Рождение автомифологии вокруг темы пола и творчества, столь значимой для Цветаевой, происходило на фоне осмысления ею практических последствий своего нового социального положения. Трудно сказать, насколько продуманной была та резкая перемена литературного поведения, которой Цветаева ответила на революцию. Возможно, это было лишь спонтанной реакцией на нее. Единственной сферой, с которой Цветаева ассоциировала себя, была литература, и профессиональная идентификация с этой сферой становилась теперь единственным способом определения своего социального статуса вообще.
Изменение стратегии социального поведения Цветаевой быстрее всего сказалось в новом отношении к «продуктам» своего творчества как к товару, имеющему цену. В «Поэте о критике» (1926) Цветаева будет так вдохновенно писать о роли денег в жизни автора, что нет никаких сомнений: она и в самом деле пережила в свое время это открытие как откровение183. Ранние сборники она издавала за свой счет, от гонораров в «Северных записках», по ее словам, отказывалась184. А вот описывая свою жизнь в послереволюционной Москве, сразу подчеркнула то новое, экономическое, измерение, которое приобрело для нее творчество:
Был 1919 г. – самый чумный, самый черный, самый смертный из всех тех годов Москвы. Не помню кто, кажется Ходасевич, надоумил меня снести книгу стихов в Лито. «Лито ничего не печатает, но все покупает». Я: «Чудесно». – «Отделом заведует Брюсов». Я: «Чудесно, но менее. Он меня не выносит». – «Вас, но не Ваши стихи. Ручаюсь, что купит. Все‐таки – пять дней хлеба» («Герой труда»; СС4, 30).
Два сборника («Юношеские стихи» и «Версты I») в конце концов действительно были сданы в Государственное издательство, и делая в июне 1920 года запись об этом, Цветаева отмечала: «Не для печатания, конечно, – деньги. Около 40.000 р. (10 руб. строчка, 4 года «работы»)» (ЗК2, 205). Закавыченное слово «работа» выражало и изумление Цветаевой перед этим новым именем стихописания, и невольное признание, что именно так оно, видимо, должно было теперь называться, раз за него платили деньги (какой бы малой ни казалась сумма).

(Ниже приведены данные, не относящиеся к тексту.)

(* Let $\phi\in L^2(\mathbb{R})$ be compactly supported and not almost everywhere zero, and let $B>0$. Then for all $f,g\in\mathrm{PW}^2_B$ the following are equivalent: (1) $f=e^{i\alpha}g$ for some $\alpha\in\mathbb{R}$; (2) $|\mathcal{V}_\phi f(x,\omega)|=|\mathcal{V}_\phi g(x,\omega)|$ for all $x,\omega\in\mathbb{R}$.
   Context: For $B>0$, the Paley--Wiener space is $\mathrm{PW}^2_B:=\{f:\mathbb{C}\to\mathbb{C} \mid \exists F\in L^2([-B,B])\ \forall z\in\mathbb{C}: f(z)=\int_{-B}^B F(\xi)e^{2\pi i \xi z}\,d\xi\}$; its elements are identified with their restrictions to $\mathbb{R}$ (which lie in $L^2(\mathbb{R})$) when transforms are applied. For $f,\phi\in L^2(\mathbb{R})$ the short-time Fourier transform is $\mathcal{V}_\phi f(x,\omega)=\int_{\mathbb{R}} f(t)\overline{\phi(t-x)}e^{-2\pi i t\omega}\,dt$, $x,\omega\in\mathbb{R}$. *)

theory Defs
  imports "HOL-Analysis.Analysis"
begin

definition square_integrable_on :: "(real \<Rightarrow> complex) \<Rightarrow> real set \<Rightarrow> bool" where
  "square_integrable_on F S \<longleftrightarrow>
     set_borel_measurable lebesgue S F \<and>
     set_integrable lebesgue S (\<lambda>x. (cmod (F x))\<^sup>2)"

definition paley_wiener :: "real \<Rightarrow> (complex \<Rightarrow> complex) set" where
  "paley_wiener B = {f. \<exists>F. square_integrable_on F {-B..B} \<and>
     (\<forall>z. f z = (LINT \<xi>:{-B..B}|lebesgue. F \<xi> * exp (2 * pi * \<i> * complex_of_real \<xi> * z)))}"

definition stft :: "(real \<Rightarrow> complex) \<Rightarrow> (real \<Rightarrow> complex) \<Rightarrow> real \<Rightarrow> real \<Rightarrow> complex" where
  "stft \<phi> f x \<omega> = (LINT t|lebesgue. f t * cnj (\<phi> (t - x)) * exp (- 2 * pi * \<i> * complex_of_real t * complex_of_real \<omega>))"

definition compactly_supported :: "(real \<Rightarrow> complex) \<Rightarrow> bool" where
  "compactly_supported \<phi> \<longleftrightarrow> (\<exists>R. AE t in lebesgue. \<bar>t\<bar> > R \<longrightarrow> \<phi> t = 0)"

end

theory Submission
  imports Defs "HOL-Probability.Probability" "HOL-Complex_Analysis.Complex_Analysis"
begin

text \<open>Write \<open>f\<close> and \<open>g\<close> as Fourier transforms of integrable spectra supported in \<open>[-B, B]\<close>.
  The squared modulus \<open>\<bar>V\<^sub>\<phi> f(x, \<cdot>)\<bar>\<^sup>2\<close> is the Fourier transform of the autocorrelation of
  \<open>t \<mapsto> f t \<cdot> cnj (\<phi> (t - x))\<close>, so by Fourier uniqueness equal magnitudes mean that, for almost every
  shift \<open>s\<close> and all \<open>x\<close>, the shift products \<open>f t \<cdot> cnj (f (t - s))\<close> and \<open>g t \<cdot> cnj (g (t - s))\<close> have
  the same convolution with the window product \<open>cnj (\<phi> u) \<cdot> \<phi> (u - s)\<close>.  The window product is
  compactly supported, so its Fourier transform is entire and, unless it vanishes, has only countably
  many real zeros; deconvolving in frequency shows that the shift products agree for all \<open>s\<close> outside
  a null set.  As functions of \<open>s\<close> they extend to entire functions, so they agree for all \<open>s\<close>, and
  this forces \<open>f = c \<cdot> g\<close> with \<open>\<bar>c\<bar> = 1\<close>.\<close>

subsection \<open>The Fourier transform\<close>

lemma borel_measurable_cnj[measurable]:
  "f \<in> borel_measurable M \<Longrightarrow> (\<lambda>x. cnj (f x :: complex)) \<in> borel_measurable M"
  by (rule borel_measurable_continuous_on[where f=cnj]) (auto intro: continuous_intros)

definition fourier_kernel :: "real \<Rightarrow> real \<Rightarrow> complex" where
  "fourier_kernel t \<omega> = exp (complex_of_real (- 2 * pi) * \<i> * complex_of_real t * complex_of_real \<omega>)"

definition fourier :: "(real \<Rightarrow> complex) \<Rightarrow> real \<Rightarrow> complex" where
  "fourier h \<omega> = (LBINT t. h t * fourier_kernel t \<omega>)"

На фоне долгого периода безразличия к своей печатной карьере энергичность, с которой Цветаева принялась за налаживание литературных отношений в пореволюционной Москве, свидетельствовала о быстроте перестройки ее самосознания. Несколько сборников стихов, подготовленных в революционные годы185, участие в коллективных альманахах, даже продажа рукописных книжечек стихов через московскую Книжную лавку писателей186 в период издательского кризиса – все это свидетельствовало о том, что самоопределение Цветаевой как профессионального литератора состоялось.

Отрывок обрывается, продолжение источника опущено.